corollary paths_weight_eq_P1_P2:
  assumes "0 < N" "k \<le> N"
  shows "paths_weight (trans_prob p00 p01 p10 p11) True (N - 1) k = P1 p00 p01 p10 p11 k N"
    and "paths_weight (trans_prob p00 p01 p10 p11) False (N - 1) k = P2 p00 p01 p10 p11 k N"
proof -
  have "Suc (N - 1) - k = N - k" using assms by simp
  with paths_weight_eq_from_one_weight[of "N - 1" N k] assms
  have "paths_weight (trans_prob p00 p01 p10 p11) True (N - 1) k
          = from_one_weight p00 p01 p10 p11 N k (N - k)"
    and "paths_weight (trans_prob p00 p01 p10 p11) False (N - 1) k
          = from_one_weight p11 p10 p01 p00 N (N - k) k"
    by simp_all
  with assms show "paths_weight (trans_prob p00 p01 p10 p11) True (N - 1) k = P1 p00 p01 p10 p11 k N"
    and "paths_weight (trans_prob p00 p01 p10 p11) False (N - 1) k = P2 p00 p01 p10 p11 k N"
    by (simp_all add: from_one_weight_eq_P1 P2_eq_P1_swap)
qed

lemma card_eq_length_filter_trajectory:
  "card {t \<in> {1..N}. X t \<omega>} = length (filter id (map (\<lambda>t. X t \<omega>) [1..<Suc N]))"
proof -
  have "{t \<in> {1..N}. X t \<omega>} = {t. X t \<omega>} \<inter> set [1..<Suc N]" by auto
  then show ?thesis by (simp add: filter_map distinct_length_filter comp_def)
qed

lemma measure_eq_sum_trajectories:
  fixes X :: "nat \<Rightarrow> 'a \<Rightarrow> 'b::finite"
  assumes "finite_measure M"
    and rv: "\<And>t. t \<in> {1..N} \<Longrightarrow> X t \<in> measurable M (count_space UNIV)"
  shows "measure M {\<omega> \<in> space M. P (map (\<lambda>t. X t \<omega>) [1..<Suc N])}
    = (\<Sum>xs | length xs = N \<and> P xs. measure M {\<omega> \<in> space M. \<forall>t\<in>{1..N}. X t \<omega> = xs ! (t - 1)})"
proof -
  interpret finite_measure M by fact
  define traj where "traj \<omega> = map (\<lambda>t. X t \<omega>) [1..<Suc N]" for \<omega>
  define L where "L = {xs :: 'b list. length xs = N \<and> P xs}"
  define C where "C xs = {\<omega> \<in> space M. traj \<omega> = xs}" for xs
  have traj_eq: "traj \<omega> = xs \<longleftrightarrow> (\<forall>t\<in>{1..N}. X t \<omega> = xs ! (t - 1))" if "length xs = N" for \<omega> xs
  proof -
    have "traj \<omega> = xs \<longleftrightarrow> (\<forall>i\<in>{..<N}. X (Suc i) \<omega> = xs ! i)"
      using that by (auto simp: traj_def list_eq_iff_nth_eq simp del: upt_Suc)
    also have "\<dots> \<longleftrightarrow> (\<forall>t\<in>Suc ` {..<N}. X t \<omega> = xs ! (t - 1))"
      by simp
    also have "Suc ` {..<N} = {1..N}"
      by (rule image_Suc_lessThan)
    finally show ?thesis .
  qed
  have C_eq: "C xs = {\<omega> \<in> space M. \<forall>t\<in>{1..N}. X t \<omega> = xs ! (t - 1)}" if "xs \<in> L" for xs
    using that traj_eq by (auto simp: C_def L_def)
  have "finite L"
    using finite_lists_length_eq[of "UNIV :: 'b set" N] unfolding L_def
    by (rule finite_subset[rotated]) auto
  moreover have "C ` L \<subseteq> sets M"
  proof (clarify)
    fix xs assume "xs \<in> L"
    have "{\<omega> \<in> space M. X t \<omega> = xs ! (t - 1)} \<in> sets M" if "t \<in> {1..N}" for t
      using measurable_sets[OF rv[OF that], of "{xs ! (t - 1)}"] by (simp add: vimage_def Int_def conj_commute)
    then show "C xs \<in> sets M" unfolding C_eq[OF \<open>xs \<in> L\<close>] by (intro sets.sets_Collect_finite_All) auto
  qed
  moreover have "disjoint_family_on C L"
    by (auto simp: disjoint_family_on_def C_def)
  moreover have "{\<omega> \<in> space M. P (traj \<omega>)} = (\<Union>xs\<in>L. C xs)"
    by (auto simp: C_def L_def traj_def)
  ultimately have "measure M {\<omega> \<in> space M. P (traj \<omega>)} = (\<Sum>xs\<in>L. measure M (C xs))"
    by (simp add: finite_measure_finite_Union)
  then show ?thesis
    using C_eq by (simp add: traj_def L_def)
qed

lemma sum_by_initial_state:
  "(\<Sum>xs | length xs = Suc n \<and> length (filter id xs) = k. f (hd xs) * path_weight T xs)
   = f True * paths_weight T True n k + f False * paths_weight T False n k"
  unfolding sum_bool_lists_length_Suc paths_weight_def by (simp add: sum_distrib_left)
(* Every finitely generated free semigroup is weakly homogeneous.
   Context: A semigroup $S$ is weakly homogeneous if for every isomorphism $\varphi:A\to B$ between finitely generated subsemigroups $A,B$ of $S$ such that both $\varphi$ and $\varphi^{-1}:B\to A$ extend to endomorphisms of $S$, the map $\varphi$ extends to an automorphism of $S$. *)

theory Defs
  imports Main
begin

text \<open>A semigroup is given by a carrier set S and a binary operation f (total on the type,
  only its behaviour on S matters).\<close>

inductive_set gen_subsemigroup :: "('a \<Rightarrow> 'a \<Rightarrow> 'a) \<Rightarrow> 'a set \<Rightarrow> 'a set"
  for f :: "'a \<Rightarrow> 'a \<Rightarrow> 'a" and G :: "'a set" where
  base: "x \<in> G \<Longrightarrow> x \<in> gen_subsemigroup f G"
| step: "x \<in> gen_subsemigroup f G \<Longrightarrow> y \<in> gen_subsemigroup f G \<Longrightarrow> f x y \<in> gen_subsemigroup f G"

definition fg_subsemigroup :: "'a set \<Rightarrow> ('a \<Rightarrow> 'a \<Rightarrow> 'a) \<Rightarrow> 'a set \<Rightarrow> bool" where
  "fg_subsemigroup S f A \<longleftrightarrow> (\<exists>G. finite G \<and> G \<subseteq> S \<and> A = gen_subsemigroup f G)"

definition hom_on :: "'a set \<Rightarrow> ('a \<Rightarrow> 'a \<Rightarrow> 'a) \<Rightarrow> ('a \<Rightarrow> 'a) \<Rightarrow> bool" where
  "hom_on A f h \<longleftrightarrow> (\<forall>x\<in>A. \<forall>y\<in>A. h (f x y) = f (h x) (h y))"

definition endomorphism :: "'a set \<Rightarrow> ('a \<Rightarrow> 'a \<Rightarrow> 'a) \<Rightarrow> ('a \<Rightarrow> 'a) \<Rightarrow> bool" where
  "endomorphism S f h \<longleftrightarrow> h ` S \<subseteq> S \<and> hom_on S f h"

definition automorphism :: "'a set \<Rightarrow> ('a \<Rightarrow> 'a \<Rightarrow> 'a) \<Rightarrow> ('a \<Rightarrow> 'a) \<Rightarrow> bool" where
  "automorphism S f h \<longleftrightarrow> bij_betw h S S \<and> hom_on S f h"

definition semigroup_iso :: "('a \<Rightarrow> 'a \<Rightarrow> 'a) \<Rightarrow> ('a \<Rightarrow> 'a) \<Rightarrow> 'a set \<Rightarrow> 'a set \<Rightarrow> bool" where
  "semigroup_iso f \<phi> A B \<longleftrightarrow> bij_betw \<phi> A B \<and> hom_on A f \<phi>"

definition weakly_homogeneous :: "'a set \<Rightarrow> ('a \<Rightarrow> 'a \<Rightarrow> 'a) \<Rightarrow> bool" where
  "weakly_homogeneous S f \<longleftrightarrow>
    (\<forall>A B \<phi>. fg_subsemigroup S f A \<and> fg_subsemigroup S f B \<and> semigroup_iso f \<phi> A B
       \<and> (\<exists>e. endomorphism S f e \<and> (\<forall>x\<in>A. e x = \<phi> x))
       \<and> (\<exists>e. endomorphism S f e \<and> (\<forall>y\<in>B. e y = inv_into A \<phi> y))
       \<longrightarrow> (\<exists>\<alpha>. automorphism S f \<alpha> \<and> (\<forall>x\<in>A. \<alpha> x = \<phi> x)))"

definition free_semigroup :: "'a set \<Rightarrow> 'a list set" where
  "free_semigroup X = {w. w \<noteq> [] \<and> set w \<subseteq> X}"

end

theory Submission
  imports Defs
begin

text \<open>An endomorphism of the free semigroup never shortens a word, and it preserves the length
  of a word only if it sends each of its letters to a letter. If endomorphisms \<open>e\<^sub>1\<close>, \<open>e\<^sub>2\<close> restrict
  to mutually inverse maps \<open>A \<rightarrow> B\<close> and \<open>B \<rightarrow> A\<close>, then \<open>e\<^sub>2 \<circ> e\<^sub>1\<close> is the identity on \<open>A\<close>, so \<open>e\<^sub>1\<close>
  preserves lengths on \<open>A\<close> and acts there as a renaming of letters; symmetrically for \<open>e\<^sub>2\<close>.
  Hence \<open>\<phi>\<close> is induced by a bijection between the letters occurring in \<open>A\<close> and those occurring
  in \<open>B\<close>. As the alphabet is finite, this bijection extends to a permutation of the alphabet,
  which induces the required automorphism.\<close>

lemma gen_subsemigroup_subset:
  assumes "G \<subseteq> S" and "\<And>x y. x \<in> S \<Longrightarrow> y \<in> S \<Longrightarrow> f x y \<in> S"
  shows "gen_subsemigroup f G \<subseteq> S"
proof
  fix x assume "x \<in> gen_subsemigroup f G"
  then show "x \<in> S" by induction (use assms in auto)
qed

lemma fg_subsemigroup_subset:
  assumes "fg_subsemigroup S f A" and "\<And>x y. x \<in> S \<Longrightarrow> y \<in> S \<Longrightarrow> f x y \<in> S"
  shows "A \<subseteq> S"
  using assms gen_subsemigroup_subset unfolding fg_subsemigroup_def by blast

lemma append_in_free_semigroup:
  "v \<in> free_semigroup X \<Longrightarrow> w \<in> free_semigroup X \<Longrightarrow> v @ w \<in> free_semigroup X"
  by (auto simp: free_semigroup_def)

definition letters :: "'a list set \<Rightarrow> 'a set" where
  "letters A = \<Union> (set ` A)"

lemma letters_free_semigroup_subset: "A \<subseteq> free_semigroup X \<Longrightarrow> letters A \<subseteq> X"
  by (auto simp: letters_def free_semigroup_def)

lemma map_eq_on_letters: "w \<in> A \<Longrightarrow> (\<And>x. x \<in> letters A \<Longrightarrow> f x = g x) \<Longrightarrow> map f w = map g w"
  by (auto simp: letters_def)

context
  fixes X :: "'a set" and e :: "'a list \<Rightarrow> 'a list"
  assumes endo: "endomorphism (free_semigroup X) (@) e"
begin

lemma endomorphism_letter_nonempty:
  assumes "x \<in> X" shows "e [x] \<noteq> []"
proof -
  have "[x] \<in> free_semigroup X"
    using assms by (simp add: free_semigroup_def)
  then have "e [x] \<in> free_semigroup X"
    using endo by (auto simp: endomorphism_def)
  then show ?thesis
    by (simp add: free_semigroup_def)
qed

lemma endomorphism_eq_concat:
  "w \<in> free_semigroup X \<Longrightarrow> e w = concat (map (\<lambda>x. e [x]) w)"
proof (induction w)
  case Nil
  then show ?case by (simp add: free_semigroup_def)
next
  case (Cons x w)
  show ?case
  proof (cases "w = []")
    case False
    with Cons.prems have "[x] \<in> free_semigroup X" "w \<in> free_semigroup X"
      by (auto simp: free_semigroup_def)
    then have "e ([x] @ w) = e [x] @ e w"
      using endo by (auto simp: endomorphism_def hom_on_def)
    with Cons.IH \<open>w \<in> free_semigroup X\<close> show ?thesis by simp
  qed simp
qed

lemma endomorphism_length:
  assumes "w \<in> free_semigroup X"
  shows "length (e w) = length w + (\<Sum>x\<leftarrow>w. length (e [x]) - 1)"
proof -
  have "\<And>x. x \<in> set w \<Longrightarrow> length (e [x]) = Suc (length (e [x]) - 1)"
    using assms endomorphism_letter_nonempty by (auto simp: free_semigroup_def)
  then have "(\<Sum>x\<leftarrow>w. length (e [x])) = (\<Sum>x\<leftarrow>w. Suc (length (e [x]) - 1))"
    by (metis (no_types, lifting) map_cong)
  then show ?thesis
    using endomorphism_eq_concat[OF assms] by (simp add: length_concat comp_def sum_list_Suc)
qed

lemma endomorphism_length_ge: "w \<in> free_semigroup X \<Longrightarrow> length w \<le> length (e w)"
  using endomorphism_length by simp

lemma endomorphism_letter_if_length_le:
  assumes "w \<in> free_semigroup X" and "length (e w) \<le> length w" and "x \<in> set w"
  shows "length (e [x]) = 1"
proof -
  have "(\<Sum>x\<leftarrow>w. length (e [x]) - 1) = 0"
    using assms(2) endomorphism_length[OF assms(1)] by simp
  then have "length (e [x]) \<le> 1"
    using assms(3) by simp
  moreover have "x \<in> X"
    using assms(1,3) by (auto simp: free_semigroup_def)
  ultimately show ?thesis
    using endomorphism_letter_nonempty by (cases "e [x]") auto
qed

end

lemma endomorphism_with_left_inverse_renames_letters:
  assumes "endomorphism (free_semigroup X) (@) e" and "endomorphism (free_semigroup X) (@) e'"
    and "A \<subseteq> free_semigroup X" and "\<And>w. w \<in> A \<Longrightarrow> e' (e w) = w"
  shows "\<forall>w\<in>A. e w = map (\<lambda>x. hd (e [x])) w"
proof
  fix w assume "w \<in> A"
  then have w: "w \<in> free_semigroup X" using assms(3) by blast
  have "e w \<in> free_semigroup X"
    using assms(1) w by (auto simp: endomorphism_def)
  then have "length (e w) \<le> length w"
    using endomorphism_length_ge[OF assms(2)] assms(4)[OF \<open>w \<in> A\<close>] by metis
  then have "\<And>x. x \<in> set w \<Longrightarrow> e [x] = [hd (e [x])]"
    using endomorphism_letter_if_length_le[OF assms(1) w] by (metis One_nat_def length_0_conv
        length_Suc_conv list.sel(1))
  then have "map (\<lambda>x. e [x]) w = map (\<lambda>x. [hd (e [x])]) w"
    by (simp cong: map_cong)
  then show "e w = map (\<lambda>x. hd (e [x])) w"
    using endomorphism_eq_concat[OF assms(1) w] by (metis concat_map_singleton)
qed

lemma letters_bij_betw_if_map_inverse:
  assumes "\<And>w. w \<in> A \<Longrightarrow> map \<sigma> w \<in> B" and "\<And>v. v \<in> B \<Longrightarrow> map \<tau> v \<in> A"
    and "\<And>w. w \<in> A \<Longrightarrow> map \<tau> (map \<sigma> w) = w" and "\<And>v. v \<in> B \<Longrightarrow> map \<sigma> (map \<tau> v) = v"
  shows "bij_betw \<sigma> (letters A) (letters B)"
proof (rule bij_betw_byWitness[where f' = \<tau>])
  show "\<forall>x\<in>letters A. \<tau> (\<sigma> x) = x"
    using assms(3) by (auto simp: letters_def map_eq_conv[of "\<tau> \<circ> \<sigma>" _ id, simplified])
  show "\<forall>x\<in>letters B. \<sigma> (\<tau> x) = x"
    using assms(4) by (auto simp: letters_def map_eq_conv[of "\<sigma> \<circ> \<tau>" _ id, simplified])
  show "\<sigma> ` letters A \<subseteq> letters B"
  proof
    fix y assume "y \<in> \<sigma> ` letters A"
    then obtain w x where "w \<in> A" "x \<in> set w" "y = \<sigma> x" by (auto simp: letters_def)
    then show "y \<in> letters B"
      using assms(1) unfolding letters_def by (metis UN_iff image_eqI list.set_map)
  qed
  show "\<tau> ` letters B \<subseteq> letters A"
  proof
    fix y assume "y \<in> \<tau> ` letters B"
    then obtain v x where "v \<in> B" "x \<in> set v" "y = \<tau> x" by (auto simp: letters_def)
    then show "y \<in> letters A"
      using assms(2) unfolding letters_def by (metis UN_iff image_eqI list.set_map)
  qed
qed

lemma automorphism_map_permutation:
  assumes p: "bij_betw p X X"
  shows "automorphism (free_semigroup X) (@) (map p)"
proof -
  have "bij_betw (map p) (free_semigroup X) (free_semigroup X)"
  proof (rule bij_betw_byWitness[where f' = "map (inv_into X p)"])
    show "\<forall>w\<in>free_semigroup X. map (inv_into X p) (map p w) = w"
      using p by (auto simp: free_semigroup_def bij_betw_inv_into_left intro!: map_idI)
    show "\<forall>w\<in>free_semigroup X. map p (map (inv_into X p) w) = w"
      using p by (auto simp: free_semigroup_def bij_betw_inv_into_right intro!: map_idI)
    show "map p ` free_semigroup X \<subseteq> free_semigroup X"
      using p by (force simp: free_semigroup_def bij_betw_def)
    show "map (inv_into X p) ` free_semigroup X \<subseteq> free_semigroup X"
      using p by (force simp: free_semigroup_def bij_betw_def inv_into_into)
  qed
  then show ?thesis
    by (simp add: automorphism_def hom_on_def)
qed

lemma bij_betw_extend_to_permutation:
  assumes "finite X" "Y \<subseteq> X" "Z \<subseteq> X" "bij_betw s Y Z"
  shows "\<exists>p. bij_betw p X X \<and> (\<forall>x\<in>Y. p x = s x)"
proof -
  have "card (X - Y) = card (X - Z)"
    using assms bij_betw_same_card by (metis card_Diff_subset finite_subset)
  then obtain g where g: "bij_betw g (X - Y) (X - Z)"
    using assms(1) finite_same_card_bij by (meson finite_Diff)
  define p where "p x = (if x \<in> Y then s x else g x)" for x
  have "bij_betw p Y Z"
    using assms(4) by (rule bij_betw_cong[THEN iffD1, rotated]) (simp add: p_def)
  moreover have "bij_betw p (X - Y) (X - Z)"
    using g by (rule bij_betw_cong[THEN iffD1, rotated]) (simp add: p_def)
  ultimately have "bij_betw p (Y \<union> (X - Y)) (Z \<union> (X - Z))"
    by (rule bij_betw_combine) auto
  moreover have "Y \<union> (X - Y) = X" "Z \<union> (X - Z) = X"
    using assms by auto
  ultimately show ?thesis by (auto simp: p_def)
qed

lemma mutually_inverse_endomorphisms_induced_by_letter_bij:
  assumes e1: "endomorphism (free_semigroup X) (@) e\<^sub>1"
    and e2: "endomorphism (free_semigroup X) (@) e\<^sub>2"
    and "A \<subseteq> free_semigroup X" "B \<subseteq> free_semigroup X"
    and "e\<^sub>1 ` A \<subseteq> B" "e\<^sub>2 ` B \<subseteq> A"
    and "\<And>w. w \<in> A \<Longrightarrow> e\<^sub>2 (e\<^sub>1 w) = w" "\<And>v. v \<in> B \<Longrightarrow> e\<^sub>1 (e\<^sub>2 v) = v"
  shows "\<exists>\<sigma>. bij_betw \<sigma> (letters A) (letters B) \<and> (\<forall>w\<in>A. e\<^sub>1 w = map \<sigma> w)"
proof -
  define \<sigma> where "\<sigma> x = hd (e\<^sub>1 [x])" for x
  define \<tau> where "\<tau> x = hd (e\<^sub>2 [x])" for x
  have \<sigma>: "e\<^sub>1 w = map \<sigma> w" if "w \<in> A" for w
    using endomorphism_with_left_inverse_renames_letters[OF e1 e2 assms(3,7)] that
    unfolding \<sigma>_def by blast
  have \<tau>: "e\<^sub>2 v = map \<tau> v" if "v \<in> B" for v
    using endomorphism_with_left_inverse_renames_letters[OF e2 e1 assms(4,8)] that
    unfolding \<tau>_def by blast
  have "bij_betw \<sigma> (letters A) (letters B)"
  proof (rule letters_bij_betw_if_map_inverse[where \<tau> = \<tau>])
    fix w assume "w \<in> A"
    then have "e\<^sub>1 w \<in> B"
      using assms(5) by blast
    then show "map \<sigma> w \<in> B" "map \<tau> (map \<sigma> w) = w"
      using \<sigma>[OF \<open>w \<in> A\<close>] \<tau>[OF \<open>e\<^sub>1 w \<in> B\<close>] assms(7)[OF \<open>w \<in> A\<close>] by metis+
  next
    fix v assume "v \<in> B"
    then have "e\<^sub>2 v \<in> A"
      using assms(6) by blast
    then show "map \<tau> v \<in> A" "map \<sigma> (map \<tau> v) = v"
      using \<tau>[OF \<open>v \<in> B\<close>] \<sigma>[OF \<open>e\<^sub>2 v \<in> A\<close>] assms(8)[OF \<open>v \<in> B\<close>] by metis+
  qed
  with \<sigma> show ?thesis by blast
qed

theorem mainTheorem4:
  fixes X :: "'a set"
  assumes "finite X"
  shows "weakly_homogeneous (free_semigroup X) (@)"
  unfolding weakly_homogeneous_def
proof (intro allI impI, elim conjE exE)
  fix A B \<phi> e\<^sub>1 e\<^sub>2
  let ?S = "free_semigroup X"
  assume fg: "fg_subsemigroup ?S (@) A" "fg_subsemigroup ?S (@) B"
    and iso: "semigroup_iso (@) \<phi> A B"
    and e1: "endomorphism ?S (@) e\<^sub>1" "\<forall>x\<in>A. e\<^sub>1 x = \<phi> x"
    and e2: "endomorphism ?S (@) e\<^sub>2" "\<forall>y\<in>B. e\<^sub>2 y = inv_into A \<phi> y"
  have AS: "A \<subseteq> ?S" and BS: "B \<subseteq> ?S"
    using fg_subsemigroup_subset[OF fg(1) append_in_free_semigroup]
      fg_subsemigroup_subset[OF fg(2) append_in_free_semigroup] by blast+
  have \<phi>: "inj_on \<phi> A" "\<phi> ` A = B"
    using iso by (auto simp: semigroup_iso_def bij_betw_def)
  have "e\<^sub>1 ` A \<subseteq> B" "\<And>w. w \<in> A \<Longrightarrow> e\<^sub>2 (e\<^sub>1 w) = w"
    using e1(2) e2(2) \<phi> by auto
  moreover have "e\<^sub>2 ` B \<subseteq> A" "\<And>v. v \<in> B \<Longrightarrow> e\<^sub>1 (e\<^sub>2 v) = v"
    using e1(2) e2(2) \<phi> inv_into_into f_inv_into_f by fastforce+
  ultimately obtain \<sigma> where \<sigma>: "bij_betw \<sigma> (letters A) (letters B)" "\<forall>w\<in>A. e\<^sub>1 w = map \<sigma> w"
    using mutually_inverse_endomorphisms_induced_by_letter_bij[OF e1(1) e2(1) AS BS] by blast
  obtain p where p: "bij_betw p X X" "\<forall>x\<in>letters A. p x = \<sigma> x"
    using bij_betw_extend_to_permutation[OF assms _ _ \<sigma>(1)] letters_free_semigroup_subset AS BS
    by blast
  have "\<forall>w\<in>A. map p w = \<phi> w"
  proof
    fix w assume "w \<in> A"
    then have "map p w = map \<sigma> w"
      using p(2) by (intro map_eq_on_letters) auto
    with \<open>w \<in> A\<close> show "map p w = \<phi> w"
      using \<sigma>(2) e1(2) by simp
  qed
  with automorphism_map_permutation[OF p(1)]
  show "\<exists>\<alpha>. automorphism ?S (@) \<alpha> \<and> (\<forall>x\<in>A. \<alpha> x = \<phi> x)" by blast
qed

end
──────
● Work order:
The required output is the exact run of lines from the beginning of the records to the line with "by (simp_all add: from_one_weight_eq_P1", that line included.

● Answer for the task:
corollary paths_weight_eq_P1_P2:
  assumes "0 < N" "k \<le> N"
  shows "paths_weight (trans_prob p00 p01 p10 p11) True (N - 1) k = P1 p00 p01 p10 p11 k N"
    and "paths_weight (trans_prob p00 p01 p10 p11) False (N - 1) k = P2 p00 p01 p10 p11 k N"
proof -
  have "Suc (N - 1) - k = N - k" using assms by simp
  with paths_weight_eq_from_one_weight[of "N - 1" N k] assms
  have "paths_weight (trans_prob p00 p01 p10 p11) True (N - 1) k
          = from_one_weight p00 p01 p10 p11 N k (N - k)"
    and "paths_weight (trans_prob p00 p01 p10 p11) False (N - 1) k
          = from_one_weight p11 p10 p01 p00 N (N - k) k"
    by simp_all
  with assms show "paths_weight (trans_prob p00 p01 p10 p11) True (N - 1) k = P1 p00 p01 p10 p11 k N"
    and "paths_weight (trans_prob p00 p01 p10 p11) False (N - 1) k = P2 p00 p01 p10 p11 k N"
    by (simp_all add: from_one_weight_eq_P1 P2_eq_P1_swap)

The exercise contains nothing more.